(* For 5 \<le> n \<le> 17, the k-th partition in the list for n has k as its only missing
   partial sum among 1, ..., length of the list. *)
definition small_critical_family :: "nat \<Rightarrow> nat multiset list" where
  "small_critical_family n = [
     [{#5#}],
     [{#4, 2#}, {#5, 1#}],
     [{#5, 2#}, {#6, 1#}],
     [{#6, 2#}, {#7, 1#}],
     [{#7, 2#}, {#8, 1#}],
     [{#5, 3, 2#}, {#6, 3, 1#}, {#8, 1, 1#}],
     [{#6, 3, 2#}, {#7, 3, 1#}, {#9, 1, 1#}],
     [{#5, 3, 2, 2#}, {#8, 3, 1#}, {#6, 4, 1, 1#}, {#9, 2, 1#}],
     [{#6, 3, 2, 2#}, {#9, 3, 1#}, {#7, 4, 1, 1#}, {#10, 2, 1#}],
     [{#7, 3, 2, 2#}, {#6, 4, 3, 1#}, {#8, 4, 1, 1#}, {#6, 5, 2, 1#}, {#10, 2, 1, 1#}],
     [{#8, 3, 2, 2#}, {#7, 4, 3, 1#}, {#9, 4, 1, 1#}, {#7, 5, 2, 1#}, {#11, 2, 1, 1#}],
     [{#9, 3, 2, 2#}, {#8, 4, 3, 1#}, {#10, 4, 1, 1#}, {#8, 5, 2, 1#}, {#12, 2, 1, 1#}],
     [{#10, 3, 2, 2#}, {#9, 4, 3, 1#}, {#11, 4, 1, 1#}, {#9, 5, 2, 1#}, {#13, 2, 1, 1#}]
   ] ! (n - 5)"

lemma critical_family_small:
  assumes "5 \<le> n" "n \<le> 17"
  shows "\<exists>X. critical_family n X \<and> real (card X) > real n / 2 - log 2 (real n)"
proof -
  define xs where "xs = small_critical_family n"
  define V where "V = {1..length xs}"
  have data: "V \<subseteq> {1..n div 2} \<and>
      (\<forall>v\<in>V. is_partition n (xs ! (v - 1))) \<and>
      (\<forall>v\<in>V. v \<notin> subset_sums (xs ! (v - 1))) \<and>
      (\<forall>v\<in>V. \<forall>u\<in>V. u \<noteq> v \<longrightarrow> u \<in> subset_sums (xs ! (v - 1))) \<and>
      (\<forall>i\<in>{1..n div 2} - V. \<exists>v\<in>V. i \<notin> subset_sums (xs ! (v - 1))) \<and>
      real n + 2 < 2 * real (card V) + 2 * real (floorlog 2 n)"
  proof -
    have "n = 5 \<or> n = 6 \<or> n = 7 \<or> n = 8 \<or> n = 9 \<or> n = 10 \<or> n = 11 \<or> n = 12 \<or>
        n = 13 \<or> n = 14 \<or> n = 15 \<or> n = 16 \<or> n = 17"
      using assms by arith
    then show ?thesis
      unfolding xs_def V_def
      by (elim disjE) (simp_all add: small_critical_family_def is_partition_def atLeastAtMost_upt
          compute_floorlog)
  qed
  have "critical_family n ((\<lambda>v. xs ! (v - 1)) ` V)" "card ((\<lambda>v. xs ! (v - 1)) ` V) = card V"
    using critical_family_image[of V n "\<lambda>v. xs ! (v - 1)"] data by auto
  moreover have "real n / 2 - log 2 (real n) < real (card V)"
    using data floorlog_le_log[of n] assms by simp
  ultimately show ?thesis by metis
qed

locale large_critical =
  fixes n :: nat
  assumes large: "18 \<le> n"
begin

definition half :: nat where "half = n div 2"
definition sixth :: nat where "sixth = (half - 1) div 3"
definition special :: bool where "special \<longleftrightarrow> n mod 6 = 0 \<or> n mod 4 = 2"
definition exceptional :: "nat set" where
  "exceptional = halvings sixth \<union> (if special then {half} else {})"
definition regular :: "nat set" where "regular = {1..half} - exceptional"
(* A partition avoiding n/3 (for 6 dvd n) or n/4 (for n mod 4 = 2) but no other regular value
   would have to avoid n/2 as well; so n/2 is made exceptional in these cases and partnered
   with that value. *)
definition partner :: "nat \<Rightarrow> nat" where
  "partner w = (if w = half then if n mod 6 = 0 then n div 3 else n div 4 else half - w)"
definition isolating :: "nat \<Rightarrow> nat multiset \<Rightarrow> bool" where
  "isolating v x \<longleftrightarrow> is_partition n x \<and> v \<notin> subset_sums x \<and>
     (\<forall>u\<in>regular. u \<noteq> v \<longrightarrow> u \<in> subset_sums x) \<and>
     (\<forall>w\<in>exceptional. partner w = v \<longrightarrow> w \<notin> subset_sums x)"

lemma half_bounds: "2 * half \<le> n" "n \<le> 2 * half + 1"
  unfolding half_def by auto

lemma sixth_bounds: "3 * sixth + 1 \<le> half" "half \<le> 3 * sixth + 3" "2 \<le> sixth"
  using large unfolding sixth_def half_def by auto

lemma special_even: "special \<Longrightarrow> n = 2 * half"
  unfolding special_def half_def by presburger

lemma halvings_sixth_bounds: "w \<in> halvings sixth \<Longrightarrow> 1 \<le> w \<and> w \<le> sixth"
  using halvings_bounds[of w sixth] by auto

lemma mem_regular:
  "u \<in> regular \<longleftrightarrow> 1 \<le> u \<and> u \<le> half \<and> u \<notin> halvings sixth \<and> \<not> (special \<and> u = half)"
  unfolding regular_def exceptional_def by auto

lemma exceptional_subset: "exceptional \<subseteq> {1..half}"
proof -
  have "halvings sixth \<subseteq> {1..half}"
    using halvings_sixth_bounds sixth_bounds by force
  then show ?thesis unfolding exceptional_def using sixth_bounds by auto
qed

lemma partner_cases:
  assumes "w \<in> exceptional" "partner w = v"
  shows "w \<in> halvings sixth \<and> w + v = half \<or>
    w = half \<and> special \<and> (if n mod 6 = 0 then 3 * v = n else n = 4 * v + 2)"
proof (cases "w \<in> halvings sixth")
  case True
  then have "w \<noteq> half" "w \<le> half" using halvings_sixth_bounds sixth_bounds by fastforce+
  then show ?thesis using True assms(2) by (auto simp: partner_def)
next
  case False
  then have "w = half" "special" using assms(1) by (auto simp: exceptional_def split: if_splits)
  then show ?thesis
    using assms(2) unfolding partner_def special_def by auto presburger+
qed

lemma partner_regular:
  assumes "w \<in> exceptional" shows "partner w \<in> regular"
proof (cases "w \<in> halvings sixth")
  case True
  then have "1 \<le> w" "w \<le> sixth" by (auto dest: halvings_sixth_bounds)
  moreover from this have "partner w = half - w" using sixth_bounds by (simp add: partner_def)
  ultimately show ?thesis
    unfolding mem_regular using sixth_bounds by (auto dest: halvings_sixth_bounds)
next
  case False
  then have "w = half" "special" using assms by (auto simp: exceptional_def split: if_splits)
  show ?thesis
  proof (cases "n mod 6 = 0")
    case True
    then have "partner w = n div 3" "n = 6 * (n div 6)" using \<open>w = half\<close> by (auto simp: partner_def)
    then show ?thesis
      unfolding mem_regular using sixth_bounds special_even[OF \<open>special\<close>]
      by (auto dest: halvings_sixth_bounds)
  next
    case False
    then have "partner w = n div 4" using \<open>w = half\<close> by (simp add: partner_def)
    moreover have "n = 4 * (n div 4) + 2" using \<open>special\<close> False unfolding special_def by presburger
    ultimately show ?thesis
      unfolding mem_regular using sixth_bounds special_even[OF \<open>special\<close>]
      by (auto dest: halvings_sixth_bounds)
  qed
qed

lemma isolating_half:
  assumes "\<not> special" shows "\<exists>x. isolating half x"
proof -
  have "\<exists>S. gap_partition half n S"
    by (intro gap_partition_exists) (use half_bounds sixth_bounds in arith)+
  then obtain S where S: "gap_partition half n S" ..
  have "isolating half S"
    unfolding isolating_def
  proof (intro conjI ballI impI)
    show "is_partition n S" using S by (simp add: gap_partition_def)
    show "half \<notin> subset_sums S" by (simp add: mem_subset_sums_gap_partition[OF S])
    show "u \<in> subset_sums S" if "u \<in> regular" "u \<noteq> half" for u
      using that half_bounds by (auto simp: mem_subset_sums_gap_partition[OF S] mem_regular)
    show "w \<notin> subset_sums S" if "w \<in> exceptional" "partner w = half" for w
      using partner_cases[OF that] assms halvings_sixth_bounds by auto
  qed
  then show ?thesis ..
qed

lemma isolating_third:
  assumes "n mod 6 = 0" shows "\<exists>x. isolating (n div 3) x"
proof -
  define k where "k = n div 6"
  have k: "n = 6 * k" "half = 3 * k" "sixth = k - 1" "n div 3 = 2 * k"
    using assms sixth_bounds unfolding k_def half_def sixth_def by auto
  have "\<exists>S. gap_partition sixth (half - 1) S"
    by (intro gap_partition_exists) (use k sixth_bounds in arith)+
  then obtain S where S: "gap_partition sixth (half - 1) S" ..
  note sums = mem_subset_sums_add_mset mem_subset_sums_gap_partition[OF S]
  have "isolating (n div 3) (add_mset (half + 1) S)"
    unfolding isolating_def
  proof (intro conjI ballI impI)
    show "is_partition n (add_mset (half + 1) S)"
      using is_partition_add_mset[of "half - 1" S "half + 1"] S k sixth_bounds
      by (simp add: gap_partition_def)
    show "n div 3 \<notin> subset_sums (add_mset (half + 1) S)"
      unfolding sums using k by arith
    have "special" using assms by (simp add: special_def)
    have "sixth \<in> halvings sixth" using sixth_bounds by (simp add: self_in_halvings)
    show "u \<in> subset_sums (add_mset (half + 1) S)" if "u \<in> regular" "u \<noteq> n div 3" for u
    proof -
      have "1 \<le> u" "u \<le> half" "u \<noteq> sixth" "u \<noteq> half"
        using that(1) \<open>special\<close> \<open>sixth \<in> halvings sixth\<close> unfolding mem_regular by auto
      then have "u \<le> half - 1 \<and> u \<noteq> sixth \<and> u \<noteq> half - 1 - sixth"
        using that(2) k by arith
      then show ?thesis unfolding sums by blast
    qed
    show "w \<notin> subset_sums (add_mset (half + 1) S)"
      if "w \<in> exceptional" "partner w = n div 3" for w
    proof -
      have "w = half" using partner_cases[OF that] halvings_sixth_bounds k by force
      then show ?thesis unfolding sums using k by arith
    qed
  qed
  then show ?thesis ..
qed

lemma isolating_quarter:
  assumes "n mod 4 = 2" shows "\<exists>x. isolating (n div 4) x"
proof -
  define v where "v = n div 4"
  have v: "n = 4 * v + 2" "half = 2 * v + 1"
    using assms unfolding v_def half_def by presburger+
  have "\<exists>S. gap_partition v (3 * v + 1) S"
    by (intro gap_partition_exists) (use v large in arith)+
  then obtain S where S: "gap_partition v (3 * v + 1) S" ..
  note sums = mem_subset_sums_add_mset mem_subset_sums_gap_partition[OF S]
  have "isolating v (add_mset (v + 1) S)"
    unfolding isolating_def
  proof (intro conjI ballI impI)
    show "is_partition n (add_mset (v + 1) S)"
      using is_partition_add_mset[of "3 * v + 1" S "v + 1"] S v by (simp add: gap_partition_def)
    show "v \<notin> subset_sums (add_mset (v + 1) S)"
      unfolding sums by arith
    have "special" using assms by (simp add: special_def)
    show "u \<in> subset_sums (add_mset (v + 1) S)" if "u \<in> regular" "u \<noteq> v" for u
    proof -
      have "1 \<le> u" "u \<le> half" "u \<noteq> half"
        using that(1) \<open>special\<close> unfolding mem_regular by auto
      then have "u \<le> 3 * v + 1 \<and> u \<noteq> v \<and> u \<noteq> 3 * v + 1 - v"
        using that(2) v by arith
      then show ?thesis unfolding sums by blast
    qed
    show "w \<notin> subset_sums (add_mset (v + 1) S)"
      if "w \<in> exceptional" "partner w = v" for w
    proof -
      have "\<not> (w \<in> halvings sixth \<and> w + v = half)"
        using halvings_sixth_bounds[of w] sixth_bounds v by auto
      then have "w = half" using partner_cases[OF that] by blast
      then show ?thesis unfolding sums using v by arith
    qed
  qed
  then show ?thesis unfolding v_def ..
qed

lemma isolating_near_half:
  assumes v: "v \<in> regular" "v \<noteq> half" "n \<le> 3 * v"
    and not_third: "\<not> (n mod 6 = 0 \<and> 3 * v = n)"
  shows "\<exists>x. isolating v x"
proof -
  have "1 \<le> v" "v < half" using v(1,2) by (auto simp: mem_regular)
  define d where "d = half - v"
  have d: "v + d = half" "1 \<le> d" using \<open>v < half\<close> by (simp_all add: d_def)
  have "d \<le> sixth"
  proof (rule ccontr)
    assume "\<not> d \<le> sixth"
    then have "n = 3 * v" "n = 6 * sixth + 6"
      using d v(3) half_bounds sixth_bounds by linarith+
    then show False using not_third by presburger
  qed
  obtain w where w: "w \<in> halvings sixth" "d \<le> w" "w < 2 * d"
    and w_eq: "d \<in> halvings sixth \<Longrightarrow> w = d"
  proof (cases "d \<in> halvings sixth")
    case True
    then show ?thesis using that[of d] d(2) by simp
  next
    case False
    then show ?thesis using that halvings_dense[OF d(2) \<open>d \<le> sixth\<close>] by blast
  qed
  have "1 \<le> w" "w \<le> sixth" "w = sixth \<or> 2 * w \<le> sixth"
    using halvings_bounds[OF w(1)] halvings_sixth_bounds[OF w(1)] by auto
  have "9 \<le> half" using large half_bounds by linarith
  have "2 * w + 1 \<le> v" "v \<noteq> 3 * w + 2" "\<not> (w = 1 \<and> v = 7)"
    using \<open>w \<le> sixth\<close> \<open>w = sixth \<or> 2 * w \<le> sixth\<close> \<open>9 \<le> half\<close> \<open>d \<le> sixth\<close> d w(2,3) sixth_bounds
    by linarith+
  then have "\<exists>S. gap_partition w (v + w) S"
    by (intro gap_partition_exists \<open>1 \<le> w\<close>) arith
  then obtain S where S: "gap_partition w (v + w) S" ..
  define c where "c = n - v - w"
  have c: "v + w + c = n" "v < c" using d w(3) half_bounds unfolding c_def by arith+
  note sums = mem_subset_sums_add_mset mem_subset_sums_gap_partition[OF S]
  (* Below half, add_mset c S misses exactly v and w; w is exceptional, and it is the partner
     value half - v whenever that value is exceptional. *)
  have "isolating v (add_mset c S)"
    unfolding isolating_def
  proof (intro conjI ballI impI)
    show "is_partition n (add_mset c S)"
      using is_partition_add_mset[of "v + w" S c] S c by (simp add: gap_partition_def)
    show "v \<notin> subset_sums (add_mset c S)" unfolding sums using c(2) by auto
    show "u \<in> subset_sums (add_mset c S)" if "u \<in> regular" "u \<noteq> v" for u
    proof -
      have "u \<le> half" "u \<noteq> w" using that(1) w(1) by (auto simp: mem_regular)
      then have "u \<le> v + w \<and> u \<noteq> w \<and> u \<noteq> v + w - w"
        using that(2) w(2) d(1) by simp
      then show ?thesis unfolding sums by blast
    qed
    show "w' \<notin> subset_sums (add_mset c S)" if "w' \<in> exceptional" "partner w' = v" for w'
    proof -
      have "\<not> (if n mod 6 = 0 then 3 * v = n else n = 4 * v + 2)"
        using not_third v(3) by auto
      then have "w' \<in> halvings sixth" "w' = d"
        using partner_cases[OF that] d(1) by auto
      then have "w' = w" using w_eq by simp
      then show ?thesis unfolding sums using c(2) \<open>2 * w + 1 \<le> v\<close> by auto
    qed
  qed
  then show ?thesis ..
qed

_ _ _ _ _ _ _

All lines of the records above that carry the word "assumes" should be listed.

**Answer for this exercise:**
  assumes "5 \<le> n" "n \<le> 17"
  assumes large: "18 \<le> n"
  assumes "w \<in> exceptional" "partner w = v"
  assumes "w \<in> exceptional" shows "partner w \<in> regular"
  assumes "\<not> special" shows "\<exists>x. isolating half x"
  assumes "n mod 6 = 0" shows "\<exists>x. isolating (n div 3) x"
  assumes "n mod 4 = 2" shows "\<exists>x. isolating (n div 4) x"
  assumes v: "v \<in> regular" "v \<noteq> half" "n \<le> 3 * v"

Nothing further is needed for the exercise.